Saved data entries:

lemma beta_slope_deriv_identity:
  fixes a b A B m E :: real
  assumes a: "0 < a" and b: "0 < b" and ab: "a + b = 2"
    and E: "E = m * (a * A * b + a * b * B)" and E0: "E \<noteq> 0"
  shows "((2 * (m * A + m * B)) * E - (m * (m * A * b - a * A + b * B - m * a * B)) * (2 * (a * A - b * B)))
           / E ^ Suc (Suc 0) - (1 / a + 1 / b)
       = 2 * m * (a * A - b * B) * (A * (a - m * b) + B * (m * a - b)) / E ^ 2"
proof -
  have "1 / a + 1 / b = 2 / (a * b)" using a b ab by (simp add: field_simps)
  then have "((2 * (m * A + m * B)) * E - (m * (m * A * b - a * A + b * B - m * a * B)) * (2 * (a * A - b * B)))
           / E ^ Suc (Suc 0) - (1 / a + 1 / b)
      = 2 * (((m * A + m * B) * E - (a * A - b * B) * (m * (m * A * b - a * A + b * B - m * a * B))) * a * b
             - E ^ 2) / (E ^ 2 * (a * b))"
    using a b E0 by (simp add: field_simps power2_eq_square)
  also have "\<dots> = 2 * (m * a * b * (a * A - b * B) * (A * (a - m * b) + B * (m * a - b))) / (E ^ 2 * (a * b))"
    unfolding E by algebra
  also have "\<dots> = 2 * m * (a * A - b * B) * (A * (a - m * b) + B * (m * a - b)) / E ^ 2"
    using a b E0 by (simp add: field_simps power2_eq_square)
  finally show ?thesis .
qed

lemma DERIV_beta_slope:
  assumes m: "1 \<le> m" and u: "-1 < u" "u < 1"
  shows "(beta_slope m has_real_derivative
            2 * real m * pgap m u * beta_slope_numer m u / (pgap_deriv_scaled m u) ^ 2) (at u)"
proof -
  obtain n where n: "m = Suc n" using m by (cases m) auto
  have E0: "pgap_deriv_scaled m u \<noteq> 0" using pgap_deriv_scaled_pos[OF m u] by simp
  have "beta_slope m = (\<lambda>u. 2 * pgap m u / pgap_deriv_scaled m u - lgap u)"
    by (simp add: beta_slope_def fun_eq_iff)
  then have "(beta_slope m has_real_derivative
     ((2 * (real m * ((1 + u) ^ n + (1 - u) ^ n))) * pgap_deriv_scaled m u
      - (real m * (real m * (1 + u) ^ n * (1 - u) - (1 + u) * (1 + u) ^ n
          + (1 - u) * (1 - u) ^ n - real m * (1 + u) * (1 - u) ^ n)) * (2 * pgap m u))
       / (pgap_deriv_scaled m u) ^ Suc (Suc 0) - (1 / (1 + u) + 1 / (1 - u))) (at u)"
    (is "(_ has_real_derivative ?D) _")
    unfolding n
    using DERIV_diff[OF DERIV_quotient[OF DERIV_cmult[OF DERIV_pgap] DERIV_pgap_deriv_scaled]
        DERIV_lgap[OF u]] E0 n by simp
  moreover have "?D = 2 * real m * pgap m u * beta_slope_numer m u / (pgap_deriv_scaled m u) ^ 2"
      using beta_slope_deriv_identity[of "1 + u" "1 - u" "pgap_deriv_scaled m u" "real m"
          "(1 + u) ^ n" "(1 - u) ^ n"] u E0
      by (simp add: n pgap_def pgap_deriv_scaled_def beta_slope_numer_def algebra_simps)
  ultimately show ?thesis by simp
qed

-- GOAL OF THE EXERCISE --
Retype exactly, and only, the lines above from the one where "obtain n where" occurs up to and including the one where "(2 * pgap m u))" occurs.

-- WRITTEN RESPONSE --
  obtain n where n: "m = Suc n" using m by (cases m) auto
  have E0: "pgap_deriv_scaled m u \<noteq> 0" using pgap_deriv_scaled_pos[OF m u] by simp
  have "beta_slope m = (\<lambda>u. 2 * pgap m u / pgap_deriv_scaled m u - lgap u)"
    by (simp add: beta_slope_def fun_eq_iff)
  then have "(beta_slope m has_real_derivative
     ((2 * (real m * ((1 + u) ^ n + (1 - u) ^ n))) * pgap_deriv_scaled m u
      - (real m * (real m * (1 + u) ^ n * (1 - u) - (1 + u) * (1 + u) ^ n
          + (1 - u) * (1 - u) ^ n - real m * (1 + u) * (1 - u) ^ n)) * (2 * pgap m u))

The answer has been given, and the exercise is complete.